- _EXERCISE AIM_
A word-for-word copy of the line containing "(nat \<Rightarrow> nat" and every following line to the end of the data below is all the answer should hold.

'''

(* Let $\ell\ge 4$, $s\ge0$, $r\ge 2$ be integers and $k=\lfloor(\ell-2)/2\rfloor$. For every $\gamma>0$ there is $n_0$ such that for every $n\ge n_0$ the following holds: if $G$ is an $n$-vertex $B(\ell,s)$-free graph that maximizes $e_r(G)$ among all $n$-vertex $B(\ell,s)$-free graphs, or that maximizes $\mathcal N(S_r,G)$ among all $n$-vertex $B(\ell,s)$-free graphs, then there is a set $B\subseteq V(G)$ with $|B|=k$ such that at least $(1-\gamma)\binom{n}{r}$ of the $r$-element subsets of $V(G)$ have common neighborhood exactly $B$.
   Context: For a graph $G$ with degrees $d_1,\dots,d_n$, $e_r(G)=\sum_i d_i^r$ and $\mathcal N(S_r,G)=\sum_i\binom{d_i}{r}$ is the number of copies of the star $S_r$ with $r$ leaves. The broom $B(\ell,s)$ is the graph obtained from a path on $\ell$ vertices by adding $s$ new vertices, each joined only to a penultimate vertex of the path (a neighbor of an endpoint). The common neighborhood of a vertex set $X$ is the set of vertices adjacent to every vertex of $X$. *)

theory Defs
  imports Complex_Main
begin

definition is_graph :: "nat \<Rightarrow> (nat \<Rightarrow> nat \<Rightarrow> bool) \<Rightarrow> bool" where
  "is_graph n E \<longleftrightarrow> (\<forall>u v. E u v \<longrightarrow> E v u) \<and> (\<forall>u. \<not> E u u)
     \<and> (\<forall>u v. E u v \<longrightarrow> u < n \<and> v < n)"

'''

- _RESULT OF THIS TASK_
definition is_graph :: "nat \<Rightarrow> (nat \<Rightarrow> nat \<Rightarrow> bool) \<Rightarrow> bool" where
  "is_graph n E \<longleftrightarrow> (\<forall>u v. E u v \<longrightarrow> E v u) \<and> (\<forall>u. \<not> E u u)
     \<and> (\<forall>u v. E u v \<longrightarrow> u < n \<and> v < n)"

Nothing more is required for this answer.